You need to be looking at the beam ratings for the header over the opening not the wall ratings.

For one hour the wood door frame and jack studs are probably sufficient protection.

For 2 hour lightweight construction may need a rated door frame.


----------



## jackbweth (Feb 19, 2014)

Thanks Frank - that's what we thought, but we just got off the phone with ICC and they are referencing 704.4.1 and advising that the entire non protected opening must be wrapped with the same protected membrane assembly as the wall for both interior and exterior walls.

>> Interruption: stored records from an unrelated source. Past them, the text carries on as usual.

(* Let $f:\mathbb{R}^{m\times n}\to\mathbb{R}$ be smooth and strongly convex, $\omega\neq 0$, and let $S_\omega$, $\mathcal D_\omega$, $\theta_A$ be as in the context. Then: (i) A point $(U_*,V_* )\in\mathcal D_\omega$ is a fixed point of $S_\omega$ if and only if $U_*$ and $V_*$ have full column rank $k$ and $(U_*,V_* )$ is a critical point of $F$; in particular every critical point of $F$ with $U_*,V_*$ of full column rank lies in $\mathcal D_\omega$ and is a fixed point of $S_\omega$. (ii) For every $(U,V)\in\mathcal D_\omega$ and every $A\in\mathrm{GL}(k)$, one has $\theta_A\cdot(U,V)\in\mathcal D_\omega$ and $S_\omega(\theta_A\cdot(U,V))=\theta_A\cdot S_\omega(U,V)$. (iii) Consequently, at a fixed point $(U_*,V_* )$ of $S_\omega$ (where $S_\omega$ is smooth), $S_\omega'(U_*A,V_*A^{-\top})=\theta_A\circ S_\omega'(U_*,V_* )\circ\theta_A^{-1}$, so the derivatives of $S_\omega$ at all points of the orbit $\{\theta_A\cdot(U_*,V_* )\}$ have the same eigenvalues.
   Context: Let $F(U,V)=f(UV^\top)$ for $U\in\mathbb{R}^{m\times k}$, $V\in\mathbb{R}^{n\times k}$. For $V$ of full column rank, $\hat S_1(V)=\operatorname{argmin}_U F(U,V)$ (unique); for $U$ of full column rank, $\hat S_2(U)=\operatorname{argmin}_V F(U,V)$ (unique). For $\omega\in\mathbb{R}$ define \[ S_\omega(U,V)=(1-\omega)(U,V)+\omega\Big(\hat S_1(V),\ \hat S_2\big((1-\omega)U+\omega\hat S_1(V)\big)\Big), \] defined on $\mathcal D_\omega=\{(U,V): V \text{ and } (1-\omega)U+\omega\hat S_1(V)\text{ have full column rank } k\}$. For $A\in\mathrm{GL}(k)$, $\theta_A\cdot(U,V)=(UA,VA^{-\top})$, a linear invertible map on $\mathbb{R}^{m\times k}\times\mathbb{R}^{n\times k}$ with $\theta_A^{-1}=\theta_{A^{-1}}$. *)

theory Defs
  imports "HOL-Analysis.Analysis"
begin

primrec iter_dderiv :: "('a::real_normed_vector \<Rightarrow> real) \<Rightarrow> 'a list \<Rightarrow> 'a \<Rightarrow> real" where
  "iter_dderiv f [] = f"
| "iter_dderiv f (h # hs) = (\<lambda>x. frechet_derivative (iter_dderiv f hs) (at x) h)"

definition smooth_fun :: "('a::real_normed_vector \<Rightarrow> real) \<Rightarrow> bool" where
  "smooth_fun f \<longleftrightarrow> (\<forall>hs x. iter_dderiv f hs differentiable (at x))"

text \<open>Strong convexity with respect to the (Frobenius / Euclidean) norm.\<close>
definition strongly_convex :: "('a::real_normed_vector \<Rightarrow> real) \<Rightarrow> bool" where
  "strongly_convex f \<longleftrightarrow> (\<exists>\<mu>>0. convex_on UNIV (\<lambda>x. f x - \<mu> / 2 * (norm x)\<^sup>2))"

definition Fobj :: "(real^'n^'m \<Rightarrow> real) \<Rightarrow> real^'k^'m \<Rightarrow> real^'k^'n \<Rightarrow> real" where
  "Fobj f U V = f (U ** transpose V)"

definition full_col_rank :: "real^'k^'r \<Rightarrow> bool" where
  "full_col_rank M \<longleftrightarrow> rank M = CARD('k)"
fun enters :: "('v, 'e) dgraph \<Rightarrow> 'v set \<Rightarrow> ('v, 'e) bpath \<Rightarrow> bool" where
  "enters E H (PV v) \<longleftrightarrow> v \<in> H"
| "enters E H (PF es) \<longleftrightarrow> rng E (last es) \<in> H"
| "enters E H (PI f) \<longleftrightarrow> (\<exists>i. src E (f i) \<in> H)"

lemma enters_shift:
  assumes her: "hereditary E H" and x: "x \<in> boundary E"
  shows "enters E H (shift E x) \<longleftrightarrow> enters E H x"
proof (cases "(E, x)" rule: shift.cases)
  case (5 E' f)
  then have "src E (f 0) \<in> H \<Longrightarrow> src E (f (Suc 0)) \<in> H"
    using x her by (auto simp: boundary_def inf_path_def hereditary_def)
  then show ?thesis
    using 5 by (auto, metis not0_implies_Suc)
qed auto

lemma enters_shift_tail:
  assumes "hereditary E H" and "(a, b) \<in> shift_tail E"
  shows "enters E H a \<longleftrightarrow> enters E H b"
proof -
  have "enters E H ((shift E ^^ n) x) \<longleftrightarrow> enters E H x" if "x \<in> boundary E" for x n
    by (induction n) (simp_all add: enters_shift[OF assms(1)] funpow_shift_in_boundary that)
  moreover obtain m n where "a \<in> boundary E" "b \<in> boundary E" "(shift E ^^ m) a = (shift E ^^ n) b"
    using assms(2) by (auto simp: shift_tail_def)
  ultimately show ?thesis
    by metis
qed

lemma boundary_classes_split:
  "hereditary E H \<Longrightarrow> boundary_classes E \<approx>
     {a \<in> boundary E. enters E H a} // shift_tail E <+> {a \<in> boundary E. \<not> enters E H a} // shift_tail E"
  unfolding boundary_classes_def
  by (rule quotient_eqpoll_Plus_invariant[OF equiv_shift_tail enters_shift_tail])

lemma hereditary_fin_path_rng_notin:
  assumes "hereditary E H"
  shows "fin_path E es \<Longrightarrow> rng E (last es) \<notin> H \<Longrightarrow> \<forall>e\<in>set es. rng E e \<notin> H"
proof (induction es rule: induct_list012)
  case (3 e e' es)
  then have "rng E e = src E e'" "fin_path E (e' # es)" "rng E e' \<notin> H"
    by simp_all
  then have "rng E e \<notin> H"
    using assms by (auto simp: hereditary_def fin_path_def)
  then show ?case
    using 3 by simp
qed auto

section \<open>The graph E minus (H, empty)\<close>

definition untag :: "'a + 'a \<Rightarrow> 'a" where
  "untag = case_sum id id"

lemma untag_simps [simp]: "untag (Inl a) = a" "untag (Inr a) = a"
  by (simp_all add: untag_def)

lemma quot_graph_simps [simp]:
  "verts (quot_graph E H) = Inl ` (verts E - H) \<union> Inr ` breaking E H"
  "edges (quot_graph E H) =
     Inl ` {e \<in> edges E. rng E e \<notin> H} \<union> Inr ` {e \<in> edges E. rng E e \<in> breaking E H}"
  "rng (quot_graph E H) (Inl e) = Inl (rng E e)"
  "rng (quot_graph E H) (Inr e) = Inr (rng E e)"
  "src (quot_graph E H) x = Inl (src E (untag x))"
  by (auto simp: quot_graph_def split: sum.splits)

lemma untag_rng_quot [simp]: "untag (rng (quot_graph E H) x) = rng E (untag x)"
  by (cases x) simp_all

lemma rng_quot_eq_Inl_iff [simp]:
  "rng (quot_graph E H) x = Inl v \<longleftrightarrow> (\<exists>e. x = Inl e \<and> rng E e = v)"
  by (cases x) auto

lemma breaking_notin: "hereditary E H \<Longrightarrow> v \<in> breaking E H \<Longrightarrow> v \<notin> H"
  by (auto simp: breaking_def hereditary_def emits_def)

lemma singular_quot_Inr [simp]: "singular (quot_graph E H) (Inr v) \<longleftrightarrow> v \<in> breaking E H"
  by (auto simp: singular_def emits_def)

lemma saturated_imp_singular:
  assumes "saturated E H" "v \<in> verts E" "v \<notin> H"
    and exits: "{e \<in> emits E v. rng E e \<notin> H} = {} \<or> infinite {e \<in> emits E v. rng E e \<notin> H}"
  shows "singular E v"
proof (rule ccontr)
  assume "\<not> singular E v"
  then have "regular E v" "finite (emits E v)"
    using assms(2) by (auto simp: regular_def singular_def)
  then have "rng E ` emits E v \<subseteq> H"
    using exits by auto
  then show False
    using assms(1,3) \<open>regular E v\<close> by (auto simp: saturated_def)
qed
lemma fiberwise_affine_decomposition:
  assumes u: "u \<in> carrier (CZ Y)"
    and affine: "\<And>x k. (x, k) \<in> Y \<Longrightarrow> n dvd u (x, k) - u (x, 0) - k * t"
  obtains z where "z \<in> carrier (CZ Y)"
    and "\<And>y. y \<in> Y \<Longrightarrow> u y = zero_section u (fst y) + snd y * t + n * z y"
proof
  define r where "r p = (if p \<in> Y then snd p * t else 0)" for p
  have "r \<in> carrier (CZ Y)"
    unfolding r_def
    by (intro restrict_in_CZ continuous_on_int_compose[where h = "\<lambda>k. k * t"] continuous_intros)
  then show "(\<lambda>p. (u p - lift (zero_section u) p - r p) div n) \<in> carrier (CZ Y)"
    by (intro div_in_CZ diff_in_CZ u lift_in_CZ zero_section_in_CZ)
  show "u y = zero_section u (fst y) + snd y * t
      + n * ((u y - lift (zero_section u) y - r y) div n)"
    if "y \<in> Y" for y
    using that affine[of "fst y" "snd y"] by (auto simp: lift_def zero_section_def r_def)
qed

definition f0 :: "'a \<times> int \<Rightarrow> int" where
  "f0 = (\<lambda>(x, k). if (x, k) \<in> X \<times> Zm m \<and> c (\<alpha>inv x) \<noteq> 0 \<and> k \<in> {0..<c (\<alpha>inv x)} then 1 else 0)"

lemma f0_eq: "y \<in> Y \<Longrightarrow> f0 y = (if snd y < c (\<alpha>inv (fst y)) then 1 else 0)"
  by (cases y) (auto simp: f0_def Zm_def)
lemma card_wheel_edges_le: "0 < d \<Longrightarrow> card (wheel_edges d) \<le> 2 * d"
  using card_Un_le[of "spoke d ` {..<d}" "rim_edge d ` {..<d}"]
    card_image_le[of "{..<d}" "spoke d"] card_image_le[of "{..<d}" "rim_edge d"]
  by (simp add: wheel_edges_eq)

lemma spoke_in_wheel_edges: "0 < d \<Longrightarrow> spoke d i \<in> wheel_edges d"
  using spoke_mod[of d i] by (metis UnI1 imageI lessThan_iff mod_less_divisor wheel_edges_eq)

lemma rim_edge_in_wheel_edges: "0 < d \<Longrightarrow> rim_edge d i \<in> wheel_edges d"
  using rim_edge_mod[of d i] by (metis UnI2 imageI lessThan_iff mod_less_divisor wheel_edges_eq)

lemma fan_window_subset_wheel_edges: "0 < d \<Longrightarrow> fan_window d t p \<subseteq> wheel_edges d"
  by (auto simp: fan_window_def spoke_in_wheel_edges rim_edge_in_wheel_edges)

lemma fan_edges_eq:
  assumes "2 \<le> t"
  shows "fan_edges t = (\<lambda>j. {1, j + 2}) ` {..<t - 1} \<union> (\<lambda>j. {j + 2, j + 3}) ` {..<t - 2}"
proof
  show "fan_edges t \<subseteq> (\<lambda>j. {1, j + 2}) ` {..<t - 1} \<union> (\<lambda>j. {j + 2, j + 3}) ` {..<t - 2}"
  proof
    fix e assume "e \<in> fan_edges t"
    then consider (path) i where "e = {i, i + 1}" "1 \<le> i" "i < t"
      | (closing) "e = {t, 1}"
      | (chord) i where "e = {1, i}" "3 \<le> i" "i \<le> t - 1"
      unfolding fan_edges_def by blast
    then show "e \<in> (\<lambda>j. {1, j + 2}) ` {..<t - 1} \<union> (\<lambda>j. {j + 2, j + 3}) ` {..<t - 2}"
    proof cases
      case path
      show ?thesis
      proof (cases "i = 1")
        case True
        with path assms show ?thesis by (intro UnI1 rev_image_eqI[of 0]) auto
      next
        case False
        with path show ?thesis by (intro UnI2 rev_image_eqI[of "i - 2"]) auto
      qed
    next
      case closing
      with assms show ?thesis by (intro UnI1 rev_image_eqI[of "t - 2"]) auto
    next
      case chord
      then show ?thesis by (intro UnI1 rev_image_eqI[of "i - 2"]) auto
    qed
  qed
next
  have "{1, j + 2} \<in> fan_edges t" if j: "j < t - 1" for j
  proof -
    consider "j = 0" | "j + 2 = t" | "3 \<le> j + 2" "j + 2 \<le> t - 1" using j by linarith
    then show ?thesis
    proof cases
      case 1
      with assms show ?thesis unfolding fan_edges_def by force
    next
      case 2
      then show ?thesis unfolding fan_edges_def by (auto simp: insert_commute)
    next
      case 3
      then show ?thesis unfolding fan_edges_def by blast
    qed
  qed
  moreover have "{j + 2, j + 3} \<in> fan_edges t" if "j < t - 2" for j
    unfolding fan_edges_def using that
    by (intro UnI1 CollectI exI[of _ "j + 2"]) auto
  ultimately show "(\<lambda>j. {1, j + 2}) ` {..<t - 1} \<union> (\<lambda>j. {j + 2, j + 3}) ` {..<t - 2}
    \<subseteq> fan_edges t" by auto
qed
(* Let $A$ be a finite set, $n\ge3$, let $\rho\subseteq A^n$ be a strongly rich relation preserved by a WNU vector-function $(f_1,\dots,f_n)$, and let $\sigma\subseteq A^m$, $m\ge3$, be a totally reflexive relation preserved by $f_1$. Then $\sigma=A^m$.
   Context: $\rho\subseteq A^n$ is strongly rich if for every $(a_1,\dots,a_n)\in A^n$ and every $j$ there is a unique $b\in A$ with $(a_1,\dots,a_{j-1},b,a_{j+1},\dots,a_n)\in\rho$. $\sigma\subseteq A^m$ is totally reflexive if it contains every $(a_1,\dots,a_m)$ with $|\{a_1,\dots,a_m\}|<m$. A WNU is a $k$-ary ($k\ge2$) operation $f$ with $f(x,\dots,x)=x$ and $f(y,x,\dots,x)=f(x,y,x,\dots,x)=\dots=f(x,\dots,x,y)$; a WNU vector-function is a tuple $(f_1,\dots,f_n)$ of $k$-ary WNUs, preserving $\rho$ if applying $f_i$ to the $i$-th coordinates of any $k$ tuples of $\rho$ yields a tuple in $\rho$; a single operation preserves $\sigma$ if applying it coordinatewise to tuples of $\sigma$ yields a tuple of $\sigma$. *)

theory Defs
  imports Main
begin

definition tuples :: "'a set \<Rightarrow> nat \<Rightarrow> 'a list set" where
  "tuples A n = {xs. length xs = n \<and> set xs \<subseteq> A}"

definition strongly_rich :: "'a set \<Rightarrow> nat \<Rightarrow> 'a list set \<Rightarrow> bool" where
  "strongly_rich A n \<rho> \<longleftrightarrow> \<rho> \<subseteq> tuples A n \<and>
     (\<forall>a \<in> tuples A n. \<forall>j < n. \<exists>!b. b \<in> A \<and> a[j := b] \<in> \<rho>)"

definition totally_reflexive :: "'a set \<Rightarrow> nat \<Rightarrow> 'a list set \<Rightarrow> bool" where
  "totally_reflexive A m \<sigma> \<longleftrightarrow> \<sigma> \<subseteq> tuples A m \<and>
     (\<forall>a \<in> tuples A m. card (set a) < m \<longrightarrow> a \<in> \<sigma>)"

definition is_op :: "'a set \<Rightarrow> nat \<Rightarrow> ('a list \<Rightarrow> 'a) \<Rightarrow> bool" where
  "is_op A k f \<longleftrightarrow> (\<forall>xs \<in> tuples A k. f xs \<in> A)"

definition is_wnu :: "'a set \<Rightarrow> nat \<Rightarrow> ('a list \<Rightarrow> 'a) \<Rightarrow> bool" where
  "is_wnu A k f \<longleftrightarrow> k \<ge> 2 \<and> is_op A k f \<and>
     (\<forall>x \<in> A. f (replicate k x) = x) \<and>
     (\<forall>x \<in> A. \<forall>y \<in> A. \<forall>i < k. \<forall>j < k.
        f ((replicate k x)[i := y]) = f ((replicate k x)[j := y]))"
definition falling :: "nat \<Rightarrow> nat \<Rightarrow> nat" where
  "falling x k = (\<Prod>i<k. (x - i))"

end

theory Submission
  imports Defs "HOL-Library.Multiset"
begin

(* An S-enriched function is a map f : N -> X together with an S-structure on each fibre, so
   p_n(x) is the sum over all f of the product of the a_|f^-1(y)|, y in X. This weight only
   depends on the fibre type of f, the multiset of its nonzero fibre sizes, which is a partition
   lambda of n. The maps of type lambda are counted by the multinomial identity twice: a vector
   (c_y) of fibre sizes is realised by n! / prod_y c_y! maps, and the vectors c : X -> {0..n} whose
   nonzero values form lambda are the maps X -> {0..n} with fibre sizes x - l, mult_1, ..., mult_n,
   of which there are x! / ((x - l)! prod_j mult_j!) = (x)_l / prod_j mult_j!. *)

lemma speciesD:
  assumes "species S T"
  shows species_finite: "finite U \<Longrightarrow> finite (S U)"
    and species_transport_in: "finite U \<Longrightarrow> bij_betw \<sigma> U V \<Longrightarrow> s \<in> S U \<Longrightarrow> T U V \<sigma> s \<in> S V"
    and species_transport_cong: "finite U \<Longrightarrow> bij_betw \<sigma> U V \<Longrightarrow> (\<And>u. u \<in> U \<Longrightarrow> \<sigma> u = \<sigma>' u) \<Longrightarrow>
      s \<in> S U \<Longrightarrow> T U V \<sigma> s = T U V \<sigma>' s"
    and species_transport_id: "finite U \<Longrightarrow> s \<in> S U \<Longrightarrow> T U U id s = s"
    and species_transport_comp: "finite U \<Longrightarrow> bij_betw \<sigma> U V \<Longrightarrow> bij_betw \<tau> V W \<Longrightarrow> s \<in> S U \<Longrightarrow>
      T U W (\<tau> \<circ> \<sigma>) s = T V W \<tau> (T U V \<sigma> s)"
    and species_card_empty: "card (S {}) = 1"
  using assms unfolding species_def by meson+

lemma species_transport_inverse:
  assumes S: "species S T" and U: "finite U" and \<sigma>: "bij_betw \<sigma> U V" and \<sigma>': "bij_betw \<sigma>' V U"
    and inv: "\<And>u. u \<in> U \<Longrightarrow> \<sigma>' (\<sigma> u) = u" and s: "s \<in> S U"
  shows "T V U \<sigma>' (T U V \<sigma> s) = s"
proof -
  have "T V U \<sigma>' (T U V \<sigma> s) = T U U (\<sigma>' \<circ> \<sigma>) s"
    by (rule species_transport_comp[OF S U \<sigma> \<sigma>' s, symmetric])
  also have "\<dots> = T U U id s"
    by (rule species_transport_cong[OF S U bij_betw_trans[OF \<sigma> \<sigma>'] _ s]) (simp add: inv)
  also have "\<dots> = s"
    by (rule species_transport_id[OF S U s])
  finally show ?thesis .
qed

lemma species_transport_bij:
  assumes S: "species S T" and U: "finite U" and \<sigma>: "bij_betw \<sigma> U V"
  shows "bij_betw (T U V \<sigma>) (S U) (S V)"
proof -
  define \<sigma>' where "\<sigma>' = inv_into U \<sigma>"
  have \<sigma>': "bij_betw \<sigma>' V U"
    using \<sigma> by (simp add: \<sigma>'_def bij_betw_inv_into)
  have V: "finite V"
    using U \<sigma> bij_betw_finite by blast
  have \<sigma>_inv: "\<sigma>' (\<sigma> u) = u" if "u \<in> U" for u
    using \<sigma> that by (simp add: \<sigma>'_def bij_betw_def inv_into_f_f)
  have \<sigma>_inv': "\<sigma> (\<sigma>' v) = v" if "v \<in> V" for v
    using \<sigma> that by (simp add: \<sigma>'_def bij_betw_inv_into_right)
  show ?thesis
  proof (rule bij_betwI[where g = "T V U \<sigma>'"])
    show "T U V \<sigma> \<in> S U \<rightarrow> S V"
      using species_transport_in[OF S U \<sigma>] by blast
    show "T V U \<sigma>' \<in> S V \<rightarrow> S U"
      using species_transport_in[OF S V \<sigma>'] by blast
    show "T V U \<sigma>' (T U V \<sigma> s) = s" if "s \<in> S U" for s
      by (rule species_transport_inverse[OF S U \<sigma> \<sigma>' \<sigma>_inv that])
    show "T U V \<sigma> (T V U \<sigma>' s) = s" if "s \<in> S V" for s
      by (rule species_transport_inverse[OF S V \<sigma>' \<sigma> \<sigma>_inv' that])
  qed
qed

lemma card_species_eq_species_num:
  fixes S :: "'a set \<Rightarrow> 'b set"
  assumes S: "species S T" and U: "finite U"
  shows "card (S U) = species_num S (card U)"
proof -
  define U0 where "U0 = (SOME V :: 'a set. finite V \<and> card V = card U)"
  have "finite U0 \<and> card U0 = card U"
    unfolding U0_def by (rule someI_ex) (use U in blast)
  then obtain \<sigma> where "bij_betw \<sigma> U U0"
    using finite_same_card_bij[OF U, of U0] by (elim conjE) auto
  then have "card (S U) = card (S U0)"
    by (rule bij_betw_same_card[OF species_transport_bij[OF S U]])
  then show ?thesis
    by (simp add: species_num_def U0_def)
qed

lemma species_num_0:
  assumes "species S T"
  shows "species_num S 0 = 1"
  using card_species_eq_species_num[OF assms, of "{}"] species_card_empty[OF assms] by simp

lemma card_enriched_functions:
  assumes S: "species S T" and N: "finite N" and X: "finite X"
  shows "card (enriched_functions S N X) =
    (\<Sum>f\<in>N \<rightarrow>\<^sub>E X. \<Prod>y\<in>X. species_num S (card {u\<in>N. f u = y}))"
proof -
  have "enriched_functions S N X = Sigma (N \<rightarrow>\<^sub>E X) (\<lambda>f. \<Pi>\<^sub>E y\<in>X. S {u\<in>N. f u = y})"
    by (auto simp: enriched_functions_def)
  also have "card \<dots> = (\<Sum>f\<in>N \<rightarrow>\<^sub>E X. card (\<Pi>\<^sub>E y\<in>X. S {u\<in>N. f u = y}))"
    using N X species_finite[OF S] by (simp add: finite_PiE)
  also have "\<dots> = (\<Sum>f\<in>N \<rightarrow>\<^sub>E X. \<Prod>y\<in>X. species_num S (card {u\<in>N. f u = y}))"
    using N X by (simp add: card_PiE card_species_eq_species_num[OF S])
  finally show ?thesis .
qed

definition functions_with_fiber_sizes :: "'a set \<Rightarrow> 'b set \<Rightarrow> ('b \<Rightarrow> nat) \<Rightarrow> ('a \<Rightarrow> 'b) set" where
  "functions_with_fiber_sizes A B m = {f \<in> A \<rightarrow>\<^sub>E B. \<forall>b\<in>B. card {a\<in>A. f a = b} = m b}"

lemma bij_betw_functions_with_fiber_sizes_insert:
  assumes b: "b \<notin> B" and K: "K \<subseteq> A" "card K = m b"
  shows "bij_betw (\<lambda>g a. if a \<in> K then b else g a)
    (functions_with_fiber_sizes (A - K) B m)
    {f \<in> functions_with_fiber_sizes A (insert b B) m. {a\<in>A. f a = b} = K}"
proof (rule bij_betwI[where g = "\<lambda>f. restrict f (A - K)"])
  show "(\<lambda>g a. if a \<in> K then b else g a) \<in> functions_with_fiber_sizes (A - K) B m \<rightarrow>
      {f \<in> functions_with_fiber_sizes A (insert b B) m. {a\<in>A. f a = b} = K}"
  proof
    fix g assume "g \<in> functions_with_fiber_sizes (A - K) B m"
    then have g: "g \<in> (A - K) \<rightarrow>\<^sub>E B" and g_fibers: "\<And>b'. b' \<in> B \<Longrightarrow> card {a\<in>A - K. g a = b'} = m b'"
      by (auto simp: functions_with_fiber_sizes_def)
    let ?h = "\<lambda>a. if a \<in> K then b else g a"
    have fiber_b: "{a\<in>A. ?h a = b} = K"
      using K g b by auto
    have "{a\<in>A. ?h a = b'} = {a\<in>A - K. g a = b'}" if "b' \<in> B" for b'
      using that b by auto
    moreover have "?h \<in> A \<rightarrow>\<^sub>E insert b B"
      using K g by (auto simp: PiE_iff extensional_def)
    ultimately show "?h \<in> {f \<in> functions_with_fiber_sizes A (insert b B) m. {a\<in>A. f a = b} = K}"
      using fiber_b g_fibers K by (simp add: functions_with_fiber_sizes_def)
  qed
  show "(\<lambda>f. restrict f (A - K)) \<in> {f \<in> functions_with_fiber_sizes A (insert b B) m. {a\<in>A. f a = b} = K} \<rightarrow>
      functions_with_fiber_sizes (A - K) B m"
  proof
    fix f assume f: "f \<in> {f \<in> functions_with_fiber_sizes A (insert b B) m. {a\<in>A. f a = b} = K}"
    then have "f \<in> A \<rightarrow>\<^sub>E insert b B" and fiber_b: "{a\<in>A. f a = b} = K"
      and f_fibers: "\<And>b'. b' \<in> B \<Longrightarrow> card {a\<in>A. f a = b'} = m b'"
      by (auto simp: functions_with_fiber_sizes_def)
    then have "restrict f (A - K) \<in> (A - K) \<rightarrow>\<^sub>E B"
      by auto
    moreover have "{a\<in>A - K. restrict f (A - K) a = b'} = {a\<in>A. f a = b'}" if "b' \<in> B" for b'
      using that b fiber_b by auto
    ultimately show "restrict f (A - K) \<in> functions_with_fiber_sizes (A - K) B m"
      using f_fibers by (simp add: functions_with_fiber_sizes_def)
  qed
  show "restrict (\<lambda>a. if a \<in> K then b else g a) (A - K) = g"
    if "g \<in> functions_with_fiber_sizes (A - K) B m" for g
    using that by (auto simp: functions_with_fiber_sizes_def PiE_def extensional_def fun_eq_iff)
  show "(\<lambda>a. if a \<in> K then b else restrict f (A - K) a) = f"
    if "f \<in> {f \<in> functions_with_fiber_sizes A (insert b B) m. {a\<in>A. f a = b} = K}" for f
    using that K by (auto simp: functions_with_fiber_sizes_def PiE_def extensional_def fun_eq_iff)
qed

lemma card_functions_with_fiber_sizes:
  assumes "finite B" and "finite A" and "(\<Sum>b\<in>B. m b) = card A"
  shows "card (functions_with_fiber_sizes A B m) * (\<Prod>b\<in>B. fact (m b)) = fact (card A)"
  using assms
proof (induction B arbitrary: A rule: finite_induct)
  case empty
  then show ?case
    by (simp add: functions_with_fiber_sizes_def)
next
  case (insert b B A)
  let ?F = "functions_with_fiber_sizes A (insert b B) m"
  let ?Ks = "{K. K \<subseteq> A \<and> card K = m b}"
  have b_le: "m b \<le> card A"
    using insert.hyps insert.prems by simp
  have fiber_count: "card {f \<in> ?F. {a\<in>A. f a = b} = K} * (\<Prod>b\<in>B. fact (m b)) = fact (card A - m b)"
    if "K \<in> ?Ks" for K
  proof -
    have K: "K \<subseteq> A" "card K = m b"
      using that by auto
    then have "card (A - K) = card A - m b"
      using insert.prems by (simp add: card_Diff_subset finite_subset)
    moreover have "card {f \<in> ?F. {a\<in>A. f a = b} = K} = card (functions_with_fiber_sizes (A - K) B m)"
      using bij_betw_functions_with_fiber_sizes_insert[of b B K A m] insert.hyps(2) K
      by (simp add: bij_betw_same_card)
    ultimately show ?thesis
      using insert.IH[of "A - K"] insert.prems insert.hyps by simp
  qed
  have F_split: "?F = (\<Union>K\<in>?Ks. {f \<in> ?F. {a\<in>A. f a = b} = K})"
    by (auto simp: functions_with_fiber_sizes_def)
  have "finite ?F"
    by (rule finite_subset[of _ "A \<rightarrow>\<^sub>E insert b B"])
      (use insert in \<open>auto simp: functions_with_fiber_sizes_def intro: finite_PiE\<close>)
  moreover have "finite ?Ks"
    using insert.prems by simp
  ultimately have "card ?F = (\<Sum>K\<in>?Ks. card {f \<in> ?F. {a\<in>A. f a = b} = K})"
    by (subst F_split, intro card_UN_disjoint) auto
  then have "card ?F * (\<Prod>b\<in>B. fact (m b)) = (card A choose m b) * fact (card A - m b)"
    using fiber_count n_subsets[OF insert.prems(1)] by (simp add: sum_distrib_right)
  then have "card ?F * (\<Prod>b\<in>B. fact (m b)) * fact (m b) = fact (card A)"
    using binomial_fact_lemma[OF b_le] by (simp add: algebra_simps)
  then show ?case
    using insert.hyps by (simp add: algebra_simps)
qed

definition pos_values :: "'c set \<Rightarrow> ('c \<Rightarrow> nat) \<Rightarrow> nat multiset" where
  "pos_values X c = image_mset c (mset_set {y\<in>X. 0 < c y})"

lemma count_pos_values:
  assumes "finite X"
  shows "count (pos_values X c) j = (if j = 0 then 0 else card {y\<in>X. c y = j})"
proof -
  have "count (pos_values X c) j = card (c -` {j} \<inter> {y\<in>X. 0 < c y})"
    using assms by (simp add: pos_values_def count_image_mset)
  moreover have "c -` {j} \<inter> {y\<in>X. 0 < c y} = (if j = 0 then {} else {y\<in>X. c y = j})"
    by auto
  ultimately show ?thesis
    by simp
qed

This causes a problem with exterior walls because we don't permit drywall to be installed until the building is dried in. The reviewer readily admitted that this has not been an issue and most AHJ's have accepted the standard construction as substantially meeting the intent, but if a technical interpretation was to be made the framing members of a load bearing wall would all be protected at opening the same as the interior wall surface.

I know there are thousands of buildings built that do not incorporate this detail and have never heard of a fire related failure due to this issue.


----------



## steveray (Feb 19, 2014)

"This causes a problem with exterior walls because we don't permit drywall to be installed until the building is dried in."

How do they sheath with DensGlass there? Do they have to tent it?


----------



## jackbweth (Feb 19, 2014)

We don't permit interior drywall to be installed until the sheathing and windows are in place. We may have to wrap the openings with Densglass and will still get questioned because it varies slightly from the UL design. It's getting to be analysis paralysis mode with so much scrutiny and overthinking at times. All our buildings are sprinkled, most are non-combustible and are probably some of the safest buildings constructed, but that's the way things are going.


----------



## Frank (Feb 19, 2014)

Is the load bearing header directly above the window?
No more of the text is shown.